The State of Texas sued Allstate on Monday, accusing the insurer of illegally tracking drivers on their phones through a subsidiary called Arity that claimed to have the “world’s largest database of driving behavior.”
“Allstate and Arity paid millions of dollars to mobile apps to install Allstate’s tracking software,” Ken Paxton, the state’s attorney general, said in a statement. “The personal data of millions of Americans was sold to insurance companies without their knowledge or consent in violation of the law. Texans deserve better and we will hold all of these companies accountable.”
Allstate and Arity did not respond to requests for comment.
The New York Times reported last year that information about people’s driving behavior was collected through smartphone apps such as Life360 and GasBuddy and sold to Arity, an analytics company founded by Allstate. Arity was able to analyze data collected from people’s smartphones to determine how often they accelerated, braked suddenly, or were distracted by their phones while driving. It used this analysis to give them driving risk scores.
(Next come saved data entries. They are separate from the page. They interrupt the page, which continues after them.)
(* The Laurent polynomial $f_\lambda$ is nondegenerate relative to $\Delta(A)$: for every face $\sigma$ of $\Delta(A)$ not containing the origin, the Laurent polynomials $x_i\partial f^\sigma_\lambda/\partial x_i$, $i=1,\dots,n$, have no common zero in $\big(\overline{\mathbb C(\lambda)}^\times\big)^n$.
   Context: Let $A=\{\mathbf a_1,\dots,\mathbf a_m\}\subseteq\mathbb Z^n$ be linearly independent over $\mathbb R$, $\mathbf a_0\in\mathbb Z^n$, and $\ell_0,\dots,\ell_m$ positive integers with gcd $1$ such that $\ell_0\mathbf a_0=\sum_{j=1}^m\ell_j\mathbf a_j$ and $\ell_0=\sum_{j=1}^m\ell_j$. Let $f_\lambda=\sum_{j=1}^m\ell_jx^{\mathbf a_j}-\ell_0\lambda x^{\mathbf a_0}$, $\lambda$ an indeterminate, and $\overline{\mathbb C(\lambda)}$ an algebraic closure of $\mathbb C(\lambda)$. Let $\Delta(A)$ be the convex hull of $A\cup\{\mathbf 0\}$. For a face $\sigma$ of $\Delta(A)$ not containing $\mathbf a_0$ set $f^\sigma_\lambda=\sum_{\mathbf a_j\in\sigma}\ell_jx^{\mathbf a_j}$; for a face containing $\mathbf a_0$ set $f^\sigma_\lambda=f_\lambda$. *)

theory Defs
  imports "HOL-Analysis.Analysis" "HOL-Algebra.Algebraic_Closure_Type"
begin

text \<open>The coefficient field: an algebraic closure of C(lambda), with lambda an indeterminate.
  C(lambda) is the fraction field of complex polynomials.\<close>
type_synonym Kbar = "complex poly fract alg_closure"

definition lam :: Kbar where
  "lam = to_ac (Fract [:0, 1:] 1)"

definition rvec :: "int ^ 'n \<Rightarrow> real ^ 'n" where
  "rvec a = (\<chi> i. real_of_int (a $ i))"

definition lmono :: "('n::finite \<Rightarrow> 'k::field) \<Rightarrow> int ^ 'n \<Rightarrow> 'k" where
  "lmono x a = (\<Prod>i\<in>UNIV. x i powi (a $ i))"

text \<open>Laurent polynomials in n variables over 'k, as finitely supported coefficient functions.\<close>
definition laurent_eval :: "(int ^ 'n \<Rightarrow> 'k::field) \<Rightarrow> ('n::finite \<Rightarrow> 'k) \<Rightarrow> 'k" where
  "laurent_eval p x = (\<Sum>a\<in>{a. p a \<noteq> 0}. p a * lmono x a)"

definition euler_deriv :: "'n \<Rightarrow> (int ^ 'n \<Rightarrow> 'k::field) \<Rightarrow> (int ^ 'n \<Rightarrow> 'k)" where
  "euler_deriv i p = (\<lambda>a. of_int (a $ i) * p a)"

text \<open>Coefficients of f_lambda = sum_{j=1..m} l_j x^{a_j} - l_0 lambda x^{a_0}.\<close>
definition f_lam :: "nat \<Rightarrow> (nat \<Rightarrow> int ^ 'n) \<Rightarrow> (nat \<Rightarrow> nat) \<Rightarrow> int ^ 'n \<Rightarrow> Kbar" where
  "f_lam m a l = (\<lambda>b. (\<Sum>j\<in>{j\<in>{1..m}. a j = b}. of_nat (l j))
                      - (if a 0 = b then of_nat (l 0) * lam else 0))"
“Insurers then used that consumer’s data to justify raising their auto premiums, denying coverage, or dropping them from coverage,” according to the attorney general’s lawsuit, which accuses the companies of violating of state privacy laws.
According to the state lawsuit, filed in Montgomery County District Court, Arity has the location, movement and driving data of more than 45 million Americans who “never informed, nor consented,” to the continued collection and sale of their data.
Texas also sued General Motors last year for collecting consumer driving data, following a Times report that GM and other automakers were selling information about people’s driving to the insurance industry.